[Data excerpts]

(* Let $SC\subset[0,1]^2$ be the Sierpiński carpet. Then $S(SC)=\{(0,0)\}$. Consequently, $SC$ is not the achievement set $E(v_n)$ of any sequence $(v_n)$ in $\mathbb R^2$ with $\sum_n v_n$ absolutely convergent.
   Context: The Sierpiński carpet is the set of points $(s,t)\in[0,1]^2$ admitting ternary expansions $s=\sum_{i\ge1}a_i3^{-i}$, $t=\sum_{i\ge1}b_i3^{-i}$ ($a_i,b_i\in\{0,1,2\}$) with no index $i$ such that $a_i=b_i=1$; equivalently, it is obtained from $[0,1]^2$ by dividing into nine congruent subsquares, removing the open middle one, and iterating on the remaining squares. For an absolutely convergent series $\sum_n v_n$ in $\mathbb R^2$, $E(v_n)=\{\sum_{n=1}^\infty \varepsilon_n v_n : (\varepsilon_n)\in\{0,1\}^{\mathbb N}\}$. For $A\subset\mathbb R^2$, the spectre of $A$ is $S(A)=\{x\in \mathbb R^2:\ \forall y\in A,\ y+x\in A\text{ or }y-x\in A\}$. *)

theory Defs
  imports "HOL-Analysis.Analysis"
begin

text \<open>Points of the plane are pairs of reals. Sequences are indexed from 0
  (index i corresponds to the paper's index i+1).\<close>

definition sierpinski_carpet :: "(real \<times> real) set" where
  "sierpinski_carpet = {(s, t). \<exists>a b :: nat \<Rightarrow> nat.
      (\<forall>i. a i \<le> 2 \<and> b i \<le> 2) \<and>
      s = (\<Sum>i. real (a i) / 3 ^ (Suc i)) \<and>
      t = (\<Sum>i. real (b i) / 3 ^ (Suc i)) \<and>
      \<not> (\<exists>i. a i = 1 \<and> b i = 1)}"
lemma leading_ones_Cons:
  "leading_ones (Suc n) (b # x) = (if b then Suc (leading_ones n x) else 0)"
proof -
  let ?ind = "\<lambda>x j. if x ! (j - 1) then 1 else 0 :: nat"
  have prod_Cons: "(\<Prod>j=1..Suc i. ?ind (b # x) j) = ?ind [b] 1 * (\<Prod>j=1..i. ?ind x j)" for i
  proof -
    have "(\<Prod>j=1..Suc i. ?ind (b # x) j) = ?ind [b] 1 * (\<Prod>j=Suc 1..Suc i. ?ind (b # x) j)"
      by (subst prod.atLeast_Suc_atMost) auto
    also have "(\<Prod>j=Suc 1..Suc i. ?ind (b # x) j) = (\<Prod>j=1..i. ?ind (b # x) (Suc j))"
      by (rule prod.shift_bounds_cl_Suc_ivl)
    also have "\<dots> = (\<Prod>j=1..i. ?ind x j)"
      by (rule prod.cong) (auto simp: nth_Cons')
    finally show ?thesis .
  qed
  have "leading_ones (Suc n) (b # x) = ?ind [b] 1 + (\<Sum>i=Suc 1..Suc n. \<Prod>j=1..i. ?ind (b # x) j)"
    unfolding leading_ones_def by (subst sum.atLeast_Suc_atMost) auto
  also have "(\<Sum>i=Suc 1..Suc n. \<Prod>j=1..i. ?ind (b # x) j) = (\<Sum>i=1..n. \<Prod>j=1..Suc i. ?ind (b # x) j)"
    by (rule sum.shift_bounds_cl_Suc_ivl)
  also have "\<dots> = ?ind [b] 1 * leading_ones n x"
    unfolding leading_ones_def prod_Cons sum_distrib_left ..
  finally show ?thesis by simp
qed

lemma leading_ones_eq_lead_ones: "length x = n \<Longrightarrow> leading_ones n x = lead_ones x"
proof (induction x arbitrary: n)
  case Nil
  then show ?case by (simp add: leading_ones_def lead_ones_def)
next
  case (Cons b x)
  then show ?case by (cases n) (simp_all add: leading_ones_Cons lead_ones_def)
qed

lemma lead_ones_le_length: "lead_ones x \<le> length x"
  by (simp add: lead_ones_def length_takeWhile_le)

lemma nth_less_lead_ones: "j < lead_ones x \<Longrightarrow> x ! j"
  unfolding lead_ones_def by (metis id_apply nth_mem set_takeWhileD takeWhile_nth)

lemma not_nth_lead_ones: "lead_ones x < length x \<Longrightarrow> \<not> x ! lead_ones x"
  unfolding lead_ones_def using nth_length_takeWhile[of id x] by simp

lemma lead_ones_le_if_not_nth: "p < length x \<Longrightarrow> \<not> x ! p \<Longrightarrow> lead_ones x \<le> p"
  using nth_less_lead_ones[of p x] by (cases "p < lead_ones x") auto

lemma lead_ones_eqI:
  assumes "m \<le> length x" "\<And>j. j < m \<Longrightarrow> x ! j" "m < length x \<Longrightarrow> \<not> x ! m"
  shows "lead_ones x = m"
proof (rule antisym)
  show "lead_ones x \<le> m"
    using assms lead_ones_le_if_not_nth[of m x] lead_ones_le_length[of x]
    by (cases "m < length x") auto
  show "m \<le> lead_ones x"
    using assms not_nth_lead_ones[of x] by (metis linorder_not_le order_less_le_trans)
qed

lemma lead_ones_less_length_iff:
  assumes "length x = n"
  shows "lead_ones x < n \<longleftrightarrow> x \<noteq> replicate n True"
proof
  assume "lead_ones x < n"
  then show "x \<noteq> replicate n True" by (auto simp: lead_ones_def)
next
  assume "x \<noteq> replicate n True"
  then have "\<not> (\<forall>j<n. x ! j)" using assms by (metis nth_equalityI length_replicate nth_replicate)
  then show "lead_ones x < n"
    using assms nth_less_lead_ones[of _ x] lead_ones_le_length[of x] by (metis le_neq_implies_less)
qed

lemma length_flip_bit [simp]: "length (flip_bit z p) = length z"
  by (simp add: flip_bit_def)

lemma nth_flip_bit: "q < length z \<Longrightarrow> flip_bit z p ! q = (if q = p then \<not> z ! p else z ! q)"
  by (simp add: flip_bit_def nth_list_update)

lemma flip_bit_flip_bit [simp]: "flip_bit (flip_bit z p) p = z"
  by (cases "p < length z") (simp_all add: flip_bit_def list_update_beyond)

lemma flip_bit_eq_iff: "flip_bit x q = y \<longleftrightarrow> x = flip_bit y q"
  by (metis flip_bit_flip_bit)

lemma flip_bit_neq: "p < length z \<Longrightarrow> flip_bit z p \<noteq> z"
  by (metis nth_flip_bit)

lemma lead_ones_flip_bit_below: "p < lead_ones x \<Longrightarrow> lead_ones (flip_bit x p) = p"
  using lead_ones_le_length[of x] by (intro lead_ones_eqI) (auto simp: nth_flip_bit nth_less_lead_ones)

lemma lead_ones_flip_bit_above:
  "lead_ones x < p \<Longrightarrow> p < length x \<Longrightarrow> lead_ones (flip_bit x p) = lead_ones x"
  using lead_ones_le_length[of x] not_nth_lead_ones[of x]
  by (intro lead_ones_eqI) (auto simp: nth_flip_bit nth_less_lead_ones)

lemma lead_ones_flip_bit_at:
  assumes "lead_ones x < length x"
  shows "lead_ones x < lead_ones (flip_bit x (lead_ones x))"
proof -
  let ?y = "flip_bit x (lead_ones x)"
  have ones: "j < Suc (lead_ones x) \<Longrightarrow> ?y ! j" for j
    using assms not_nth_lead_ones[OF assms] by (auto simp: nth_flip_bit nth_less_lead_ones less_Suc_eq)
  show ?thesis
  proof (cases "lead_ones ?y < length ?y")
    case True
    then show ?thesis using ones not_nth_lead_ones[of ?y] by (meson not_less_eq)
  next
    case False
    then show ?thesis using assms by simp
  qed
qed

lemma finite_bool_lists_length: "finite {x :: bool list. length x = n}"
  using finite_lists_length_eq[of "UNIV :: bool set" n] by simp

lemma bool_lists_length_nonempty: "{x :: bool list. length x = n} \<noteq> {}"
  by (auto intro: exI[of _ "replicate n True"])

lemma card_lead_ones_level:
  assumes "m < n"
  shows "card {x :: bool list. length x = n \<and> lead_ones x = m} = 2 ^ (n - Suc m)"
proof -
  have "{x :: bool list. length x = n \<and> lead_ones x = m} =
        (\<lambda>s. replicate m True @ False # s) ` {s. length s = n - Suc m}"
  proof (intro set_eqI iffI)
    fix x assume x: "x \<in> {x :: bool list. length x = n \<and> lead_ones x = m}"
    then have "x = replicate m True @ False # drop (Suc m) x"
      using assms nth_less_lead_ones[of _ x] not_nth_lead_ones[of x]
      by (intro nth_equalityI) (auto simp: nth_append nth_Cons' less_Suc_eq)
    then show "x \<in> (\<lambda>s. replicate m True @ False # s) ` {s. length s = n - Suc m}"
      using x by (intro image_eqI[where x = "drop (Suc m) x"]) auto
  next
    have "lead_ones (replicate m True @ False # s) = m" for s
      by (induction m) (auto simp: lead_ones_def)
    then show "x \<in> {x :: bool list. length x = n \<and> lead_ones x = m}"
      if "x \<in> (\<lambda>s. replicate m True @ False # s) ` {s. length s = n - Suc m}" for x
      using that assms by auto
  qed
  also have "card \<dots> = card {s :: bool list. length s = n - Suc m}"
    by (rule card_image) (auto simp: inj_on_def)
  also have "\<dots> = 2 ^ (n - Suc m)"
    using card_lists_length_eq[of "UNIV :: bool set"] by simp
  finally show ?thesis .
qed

— About this exercise —
The required answer is the exact run of lines above starting at the line with "< m \<Longrightarrow>" and ending at the line with "by (simp add: flip_bit_def)", with both ends present.

— Solution to this exercise —
  assumes "m \<le> length x" "\<And>j. j < m \<Longrightarrow> x ! j" "m < length x \<Longrightarrow> \<not> x ! m"
  shows "lead_ones x = m"
proof (rule antisym)
  show "lead_ones x \<le> m"
    using assms lead_ones_le_if_not_nth[of m x] lead_ones_le_length[of x]
    by (cases "m < length x") auto
  show "m \<le> lead_ones x"
    using assms not_nth_lead_ones[of x] by (metis linorder_not_le order_less_le_trans)
qed

lemma lead_ones_less_length_iff:
  assumes "length x = n"
  shows "lead_ones x < n \<longleftrightarrow> x \<noteq> replicate n True"
proof
  assume "lead_ones x < n"
  then show "x \<noteq> replicate n True" by (auto simp: lead_ones_def)
next
  assume "x \<noteq> replicate n True"
  then have "\<not> (\<forall>j<n. x ! j)" using assms by (metis nth_equalityI length_replicate nth_replicate)
  then show "lead_ones x < n"
    using assms nth_less_lead_ones[of _ x] lead_ones_le_length[of x] by (metis le_neq_implies_less)
qed

lemma length_flip_bit [simp]: "length (flip_bit z p) = length z"
  by (simp add: flip_bit_def)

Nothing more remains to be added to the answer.